Дальше концлагерь в Польше. Там спас знакомый портной. Взял к себе помощником, немцы их не трогали. Они вдвоем и удрали. После войны этот портной заходил к нам. А папа дошел до Берлина. Позже перебросили в Манчжурию, там пробыл целый год, пока в 1946-м не комиссовали. У него были шрамы во всю спину, много орденов. Не надевал ни разу.

– Самые удивительные футболисты вашей юности?

– Я помню послевоенное киевское "Динамо". Нападающего Пашу Виньковатова.

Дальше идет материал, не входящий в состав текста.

(* Let $\tau:\mathbb N\to\mathbb N$ be defined by $\tau(n)=\lfloor\varphi n+1\rfloor$ if $n\in R_{2,0}$, $\tau(n)=\lfloor\varphi n-1\rfloor$ if $n\in R_{1,0}$, and $\tau(n)=\lfloor(\varphi-1)n+1\rfloor$ if $n\in R_{1,1}$. If $n\in R_{1,0}$, then $\tau(n)\in R_{1,0}$ and $\tau^3(n)=\tau^2(n)+\tau(n)-2$.
   Context: $\mathbb N=\{1,2,\dots\}$, $\varphi=\frac{1+\sqrt5}{2}$, $F$ the Fibonacci numbers ($F(0)=0,F(1)=F(2)=1$). For $i\in\mathbb Z^{\ge0},j\in\mathbb Z$, $R_{i,j}$ is the range of $n\mapsto F(i+1)\lfloor n\varphi\rfloor+F(i)n-j$, $n\in\mathbb N$; the sets $R_{2,0},R_{1,0},R_{1,1}$ partition $\mathbb N$. $\tau^k$ denotes the $k$-fold composition. *)

theory Defs
  imports Complex_Main "HOL-Number_Theory.Fib"
begin

definition phi :: real where "phi = (1 + sqrt 5) / 2"

definition R :: "nat \<Rightarrow> int \<Rightarrow> int set" where
  "R i j = {int (fib (i+1)) * \<lfloor>real n * phi\<rfloor> + int (fib i) * int n - j | n::nat. n \<ge> 1}"

text \<open>tau on positive naturals; the value at 0 is irrelevant (0 is not in N).\<close>
definition tau :: "nat \<Rightarrow> nat" where
  "tau n = (if int n \<in> R 2 0 then nat \<lfloor>phi * real n + 1\<rfloor>
            else if int n \<in> R 1 0 then nat \<lfloor>phi * real n - 1\<rfloor>
            else nat \<lfloor>(phi - 1) * real n + 1\<rfloor>)"

end

theory Submission
  imports Defs "HOL-Computational_Algebra.Primes"
begin

text \<open>
  Write \<open>a k = \<lfloor>k\<phi>\<rfloor>\<close> and \<open>b k = a k + k = \<lfloor>k\<phi>\<^sup>2\<rfloor>\<close> for the lower and upper Wythoff
  sequences, so that \<open>R\<^sub>1\<^sub>,\<^sub>0\<close> is the range of \<open>b\<close> and \<open>R\<^sub>2\<^sub>,\<^sub>0\<close> that of \<open>a \<circ> b\<close>.
  With \<open>f\<close> the fractional part of \<open>k\<phi>\<close>, the relation \<open>\<phi>\<^sup>2 = \<phi> + 1\<close> gives
  \<open>a k \<cdot> \<phi> = a k + k - f(\<phi> - 1)\<close>, hence \<open>a (a k) = a k + k - 1\<close> and \<open>a (b k) = 2 a k + k\<close>.
  By Beatty's theorem the ranges of \<open>a\<close> and \<open>b\<close> are disjoint, so on \<open>n = b k\<close> the map
  \<open>\<tau>\<close> takes its second branch and \<open>\<tau> (b k) = a (b k) - 1 = b (a k)\<close>.
  Thus \<open>\<tau>\<^sup>m (b k) = b (a\<^sup>m k)\<close>, and the recurrence follows from \<open>a (a k) = a k + k - 1\<close>.
\<close>

lemma sqrt_prime_irrational:
  assumes "prime (p::nat)"
  shows "sqrt (real p) \<notin> \<rat>"
proof
  assume "sqrt (real p) \<in> \<rat>"
  then obtain m n :: nat where "n \<noteq> 0" and "\<bar>sqrt (real p)\<bar> = real m / real n"
    and "coprime m n"
    by (rule Rats_abs_nat_div_natE)
  then have "real m = real n * sqrt (real p)"
    by (simp add: field_simps)
  then have "real (m\<^sup>2) = real (p * n\<^sup>2)"
    by (simp add: power_mult_distrib)
  then have sq_eq: "m\<^sup>2 = p * n\<^sup>2"
    by linarith
  then have "p dvd m"
    using assms prime_dvd_power by (metis dvd_triv_left)
  then obtain r where "m = p * r" ..
  with sq_eq assms have "n\<^sup>2 = p * r\<^sup>2"
    by (simp add: power2_eq_square prime_gt_0_nat algebra_simps)
  then have "p dvd n"
    using assms prime_dvd_power by (metis dvd_triv_left)
  with \<open>p dvd m\<close> \<open>coprime m n\<close> assms show False
    by (metis coprime_common_divisor_nat not_prime_1)
qed

lemma phi_squared: "phi * phi = phi + 1"
  unfolding phi_def by (simp add: field_simps)

lemma one_less_phi: "1 < phi"
  and phi_less_2: "phi < 2"
proof -
  have "sqrt 1 < sqrt 5" "sqrt 5 < sqrt 9"
    by (simp_all only: real_sqrt_less_iff)
  moreover have "sqrt 9 = 3"
    using real_sqrt_unique[of 3 9] by simp
  ultimately show "1 < phi" "phi < 2"
    unfolding phi_def by simp_all
qed

lemma phi_irrational: "phi \<notin> \<rat>"
proof
  assume "phi \<in> \<rat>"
  then have "2 * phi - 1 \<in> \<rat>"
    by simp
  moreover have "2 * phi - 1 = sqrt (real 5)"
    by (simp add: phi_def field_simps)
  ultimately show False
    using sqrt_prime_irrational[of 5] by simp
qed

lemma of_int_mult_phi_not_Ints:
  assumes "k \<noteq> 0"
  shows "of_int k * phi \<notin> \<int>"
proof
  assume "of_int k * phi \<in> \<int>"
  then have "of_int k * phi / of_int k \<in> \<rat>"
    using Ints_subset_Rats by (intro Rats_divide) auto
  also have "of_int k * phi / of_int k = phi"
    using assms by simp
  finally show False
    using phi_irrational by simp
qed

definition lower_wythoff :: "int \<Rightarrow> int" where
  "lower_wythoff k = \<lfloor>of_int k * phi\<rfloor>"

definition upper_wythoff :: "int \<Rightarrow> int" where
  "upper_wythoff k = lower_wythoff k + k"

lemma lower_wythoff_ge_1:
  assumes "k \<ge> 1"
  shows "lower_wythoff k \<ge> 1"
proof -
  have "1 * 1 \<le> of_int k * phi"
    using assms one_less_phi by (intro mult_mono) simp_all
  then show ?thesis
    unfolding lower_wythoff_def by linarith
qed

lemma lower_wythoff_mult_phi:
  "of_int (lower_wythoff k) * phi
     = of_int (lower_wythoff k + k) - frac (of_int k * phi) * (phi - 1)"
proof -
  define f where "f = frac (of_int k * phi)"
  have a_eq: "of_int (lower_wythoff k) = of_int k * phi - f"
    unfolding lower_wythoff_def f_def frac_def by simp
  have "of_int (lower_wythoff k) * phi = of_int k * (phi * phi) - f * phi"
    unfolding a_eq by (simp add: algebra_simps)
  also have "\<dots> = of_int k * (phi + 1) - f * phi"
    by (simp only: phi_squared)
  also have "\<dots> = of_int (lower_wythoff k + k) - f * (phi - 1)"
    unfolding of_int_add a_eq by (simp add: algebra_simps)
  finally show ?thesis
    unfolding f_def .
qed

lemma lower_wythoff_lower_wythoff:
  assumes "k \<noteq> 0"
  shows "lower_wythoff (lower_wythoff k) = lower_wythoff k + k - 1"
proof -
  define f where "f = frac (of_int k * phi)"
  have "0 < f" "f < 1"
    using of_int_mult_phi_not_Ints[OF assms] frac_lt_1 by (simp_all add: f_def)
  then have "0 < f * (phi - 1)" "f * (phi - 1) < 1"
    using one_less_phi phi_less_2 mult_strict_mono[of f 1 "phi - 1" 1] by simp_all
  then show ?thesis
    unfolding lower_wythoff_def[of "lower_wythoff k"] lower_wythoff_mult_phi f_def[symmetric]
    by (intro floor_unique) simp_all
qed

lemma lower_wythoff_upper_wythoff:
  "lower_wythoff (upper_wythoff k) = 2 * lower_wythoff k + k"
proof -
  define f where "f = frac (of_int k * phi)"
  have "0 \<le> f" "f < 1"
    using frac_lt_1 by (simp_all add: f_def)
  then have "0 \<le> f * (2 - phi)" "f * (2 - phi) < 1"
    using one_less_phi phi_less_2 mult_strict_mono[of f 1 "2 - phi" 1] by simp_all
  moreover have "of_int (upper_wythoff k) * phi
      = of_int (2 * lower_wythoff k + k) + f * (2 - phi)"
    using lower_wythoff_mult_phi[of k]
    unfolding upper_wythoff_def lower_wythoff_def f_def frac_def
    by (simp add: algebra_simps)
  ultimately show ?thesis
    unfolding lower_wythoff_def[of "upper_wythoff k"] by (intro floor_unique) simp_all
qed

lemma beatty_floor_neq:
  fixes \<alpha> \<beta> :: real
  assumes "0 < \<alpha>" "0 < \<beta>" "1 / \<alpha> + 1 / \<beta> = 1"
    and "of_int p * \<alpha> \<notin> \<int>" "of_int q * \<beta> \<notin> \<int>"
  shows "\<lfloor>of_int p * \<alpha>\<rfloor> \<noteq> \<lfloor>of_int q * \<beta>\<rfloor>"
proof
  assume floor_eq: "\<lfloor>of_int p * \<alpha>\<rfloor> = \<lfloor>of_int q * \<beta>\<rfloor>"
  define N where "N = \<lfloor>of_int p * \<alpha>\<rfloor>"
  have "of_int N < of_int p * \<alpha>" "of_int p * \<alpha> < of_int N + 1"
    "of_int N < of_int q * \<beta>" "of_int q * \<beta> < of_int N + 1"
    using assms(4,5) floor_eq frac_gt_0_iff[of "of_int p * \<alpha>"] frac_gt_0_iff[of "of_int q * \<beta>"]
    unfolding N_def frac_def by linarith+
  with assms(1,2) have "of_int N / \<alpha> < of_int p" "of_int p < (of_int N + 1) / \<alpha>"
    "of_int N / \<beta> < of_int q" "of_int q < (of_int N + 1) / \<beta>"
    by (simp_all add: field_simps)
  moreover have "x / \<alpha> + x / \<beta> = x" for x :: real
    using assms(3) by (metis mult.right_neutral distrib_left times_divide_eq_right)
  ultimately have "of_int N < real_of_int (p + q)" "real_of_int (p + q) < of_int (N + 1)"
    by (metis add_strict_mono of_int_add of_int_1)+
  then have "N < p + q" "p + q < N + 1"
    by (simp_all only: of_int_less_iff)
  then show False
    by linarith
qed

lemma lower_wythoff_neq_upper_wythoff:
  assumes "p \<noteq> 0" "q \<noteq> 0"
  shows "lower_wythoff p \<noteq> upper_wythoff q"
proof -
  have "upper_wythoff q = \<lfloor>of_int q * (phi + 1)\<rfloor>"
    unfolding upper_wythoff_def lower_wythoff_def by (simp add: distrib_left)
  moreover have "of_int q * (phi + 1) \<notin> \<int>"
  proof
    assume "of_int q * (phi + 1) \<in> \<int>"
    then have "of_int q * (phi + 1) - of_int q \<in> \<int>"
      by simp
    with of_int_mult_phi_not_Ints[OF assms(2)] show False
      by (simp add: algebra_simps)
  qed
  moreover have "1 / phi + 1 / (phi + 1) = 1"
    using one_less_phi phi_squared by (simp add: field_simps)
  ultimately show ?thesis
    unfolding lower_wythoff_def
    using beatty_floor_neq[of phi "phi + 1" p q] one_less_phi of_int_mult_phi_not_Ints[OF assms(1)]
    by simp
qed

lemma R_eq_image:
  "R i j = (\<lambda>k. int (fib (Suc i)) * lower_wythoff k + int (fib i) * k - j) ` {1..}"
proof (intro equalityI subsetI)
  fix x
  assume "x \<in> R i j"
  then obtain n :: nat where "n \<ge> 1"
    and "x = int (fib (Suc i)) * \<lfloor>real n * phi\<rfloor> + int (fib i) * int n - j"
    unfolding R_def by auto
  then show "x \<in> (\<lambda>k. int (fib (Suc i)) * lower_wythoff k + int (fib i) * k - j) ` {1..}"
    unfolding lower_wythoff_def by (intro image_eqI[of _ _ "int n"]) simp_all
next
  fix x
  assume "x \<in> (\<lambda>k. int (fib (Suc i)) * lower_wythoff k + int (fib i) * k - j) ` {1..}"
  then obtain k where "k \<ge> 1" and "x = int (fib (Suc i)) * lower_wythoff k + int (fib i) * k - j"
    by auto
  then show "x \<in> R i j"
    unfolding R_def lower_wythoff_def by (intro CollectI exI[of _ "nat k"]) simp
qed

lemma R_1_0_eq: "R 1 0 = upper_wythoff ` {1..}"
  unfolding R_eq_image upper_wythoff_def[abs_def] by (simp add: numeral_2_eq_2)

lemma R_2_0_eq: "R 2 0 = (lower_wythoff \<circ> upper_wythoff) ` {1..}"
  unfolding R_eq_image comp_def lower_wythoff_upper_wythoff
  by (simp add: numeral_2_eq_2 numeral_3_eq_3)

lemma tau_upper_wythoff:
  assumes "k \<ge> 1" "int n = upper_wythoff k"
  shows "int (tau n) = upper_wythoff (lower_wythoff k)"
proof -
  have "int n \<in> R 1 0"
    using assms unfolding R_1_0_eq by auto
  moreover have "int n \<notin> R 2 0"
  proof
    assume "int n \<in> R 2 0"
    then obtain j where "j \<ge> 1" "int n = lower_wythoff (upper_wythoff j)"
      unfolding R_2_0_eq by auto
    moreover from \<open>j \<ge> 1\<close> have "upper_wythoff j \<noteq> 0"
      using lower_wythoff_ge_1 unfolding upper_wythoff_def by fastforce
    ultimately show False
      using assms lower_wythoff_neq_upper_wythoff[of "upper_wythoff j" k] by simp
  qed
  ultimately have "tau n = nat \<lfloor>of_int (upper_wythoff k) * phi - 1\<rfloor>"
    unfolding tau_def by (simp flip: assms(2) add: mult.commute)
  also have "\<dots> = nat (upper_wythoff (lower_wythoff k))"
    using lower_wythoff_upper_wythoff[of k] lower_wythoff_lower_wythoff[of k] assms(1)
    unfolding lower_wythoff_def[of "upper_wythoff k"] upper_wythoff_def[of "lower_wythoff k"]
    by simp
  finally show ?thesis
    using lower_wythoff_ge_1[OF assms(1)] lower_wythoff_ge_1[OF lower_wythoff_ge_1[OF assms(1)]]
    by (simp add: upper_wythoff_def)
qed

lemma funpow_lower_wythoff_ge_1: "k \<ge> 1 \<Longrightarrow> (lower_wythoff ^^ m) k \<ge> 1"
  by (induction m) (simp_all add: lower_wythoff_ge_1)

lemma funpow_tau_upper_wythoff:
  assumes "k \<ge> 1" "int n = upper_wythoff k"
  shows "int ((tau ^^ m) n) = upper_wythoff ((lower_wythoff ^^ m) k)"
  by (induction m) (simp_all add: assms tau_upper_wythoff funpow_lower_wythoff_ge_1)

theorem lemma4p6:
  fixes n :: nat
  assumes "int n \<in> R 1 0"
  shows "int (tau n) \<in> R 1 0 \<and>
         int ((tau ^^ 3) n) = int ((tau ^^ 2) n) + int (tau n) - 2"
proof -
  obtain k where k: "k \<ge> 1" "int n = upper_wythoff k"
    using assms unfolding R_1_0_eq by auto
  define k\<^sub>1 k\<^sub>2 k\<^sub>3 where "k\<^sub>1 = lower_wythoff k" and "k\<^sub>2 = lower_wythoff k\<^sub>1" and "k\<^sub>3 = lower_wythoff k\<^sub>2"
  have "k\<^sub>1 \<ge> 1" "k\<^sub>2 \<ge> 1"
    using funpow_lower_wythoff_ge_1[OF k(1), of 1] funpow_lower_wythoff_ge_1[OF k(1), of 2]
    by (simp_all add: k\<^sub>1_def k\<^sub>2_def numeral_2_eq_2)
  have tau_iterates: "int (tau n) = upper_wythoff k\<^sub>1" "int ((tau ^^ 2) n) = upper_wythoff k\<^sub>2"
    "int ((tau ^^ 3) n) = upper_wythoff k\<^sub>3"
    using funpow_tau_upper_wythoff[OF k, of 1] funpow_tau_upper_wythoff[OF k, of 2]
      funpow_tau_upper_wythoff[OF k, of 3]
    by (simp_all add: k\<^sub>1_def k\<^sub>2_def k\<^sub>3_def numeral_2_eq_2 numeral_3_eq_3)
  have "k\<^sub>3 = k\<^sub>2 + k\<^sub>1 - 1"
    using lower_wythoff_lower_wythoff[of k\<^sub>1] \<open>k\<^sub>1 \<ge> 1\<close> unfolding k\<^sub>2_def k\<^sub>3_def by simp
  moreover have "lower_wythoff k\<^sub>3 = k\<^sub>3 + k\<^sub>2 - 1"
    using lower_wythoff_lower_wythoff[of k\<^sub>2] \<open>k\<^sub>2 \<ge> 1\<close> unfolding k\<^sub>3_def by simp
  ultimately have "upper_wythoff k\<^sub>3 = upper_wythoff k\<^sub>2 + upper_wythoff k\<^sub>1 - 2"
    unfolding upper_wythoff_def k\<^sub>2_def[symmetric] k\<^sub>3_def[symmetric] by linarith
  moreover have "upper_wythoff k\<^sub>1 \<in> R 1 0"
    using \<open>k\<^sub>1 \<ge> 1\<close> unfolding R_1_0_eq by simp
  ultimately show ?thesis
    unfolding tau_iterates by simp
qed

end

Это лысый гигант, игрочище, как два Стрельцовых! Остановить Пашу было невозможно, все отскакивали. А рыжий Юст! Вы помните Юста?

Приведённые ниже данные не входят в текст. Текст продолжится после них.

(* Let $s_t(\theta)$, $t\in[0,T]$, be trajectories smoothly parameterized by $\theta\in\Theta$ with $\frac{\partial s_t(\theta)}{\partial t}=f_t(s_t(\theta))$ for a smooth $f_t$, and with observation model $y_t=h(s_t(\theta),u_t)+W_t$, $W_t$ white noise with invertible covariance $R_t$. Set $F_t(s):=\partial f_t(s)/\partial s$, $G_t:=\partial s_t(\theta)/\partial\theta$ (assumed invertible), $H_t:=\partial h(s_t,u_t)/\partial s_t$. Let $\mathbf y$ be a smooth function, and consider the continuous-time online natural gradient for this model with observations $\mathbf y$, using at time $t$ the covariant derivative $D^t$ associated with the chart $\theta\mapsto s_t(\theta)$. Let $J_{t\downarrow t}:=(G_t(\theta_t)^{-1})^\top J_tG_t(\theta_t)^{-1}$ be the matrix of $J_t$ in chart $s_t$. Then $$\frac{d}{dt}J_{t\downarrow t}=-F_t^\top J_{t\downarrow t}-J_{t\downarrow t}F_t-\gamma_tJ_{t\downarrow t}+\gamma_tH_t^\top R_t^{-1}H_t,$$ $$\dot\theta_t=\eta_tG_t^{-1}J_{t\downarrow t}^{-1}H_t^\top R_t^{-1}\big(y_t-h(s_t(\theta_t),u_t)\big),$$ initialized with $J_{0\downarrow0}=(G_0^{-1})^\top J_0G_0^{-1}$, where $F_t,H_t$ are evaluated at $s_t(\theta_t)$ and $G_t$ at $\theta_t$. Moreover $$\frac{d}{dt}s_t(\theta_t)=f_t(s_t(\theta_t))+\eta_tJ_{t\downarrow t}^{-1}H_t^\top R_t^{-1}\big(y_t-h(s_t(\theta_t),u_t)\big).$$
   Context: Continuous-time online natural gradient: given learning rates $\eta_t$, decay rates $\gamma_t$ and covariant derivatives, it is the solution $(\theta_t,J_t)$ ($J_t$ a positive definite $(0,2)$-tensor at $\theta_t$, written as a matrix in the chart $\theta$) of $\frac{DJ_t}{dt}=-\gamma_tJ_t+\gamma_tj_t(\theta_t)$, $\dot\theta_t=\eta_tJ_t^{-1}(\partial\ell_t(\mathbf y\mid\theta)/\partial\theta|_{\theta_t})^\top$, where, with $p(\mathbf y\mid\theta)$ the density of the model w.r.t. the Wiener measure (law of the centered white noise with covariance $R_t$), $J_{[0,T]}(\theta)=\mathbb E_{\mathbf y\sim p(\cdot\mid\theta)}[(\partial\ln p(\mathbf y\mid\theta)/\partial\theta)^{\otimes2}]$, $j_t=\frac{d}{dt}J_{[0,t]}$, and $\ell_t(\mathbf y\mid\theta)=\frac{d}{dt}\ln p(y_{[0,t]}\mid\theta)$. Covariant derivative associated with a chart $\Phi$: $\frac{DZ_t}{dt}=\mathbf T_{\theta_t}\Phi^{-1}(\frac{d}{dt}\mathbf T\Phi(Z_t))$, $\mathbf T\Phi$ denoting coordinate expression. Gradients are row vectors; $v^{\otimes2}=v^\top v$ for row vectors. *)

theory Defs
  imports "HOL-Analysis.Analysis"
begin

– По рассказам предыдущего героя рубрики Александра Ракитского. Тот уверял, что тренер "Карпат" Эрнест Юст был человеком мягким. Интеллигентным.

– Защитник Юст никого не пропускал – либо отбирал мяч, либо калечил. Говорил: "У меня коллекция трусов всех этих нападающих". Рыжий, коварный! Лицо белое, как кость, – он даже летом не загорал! Я писал монолог "Футболисты" с него.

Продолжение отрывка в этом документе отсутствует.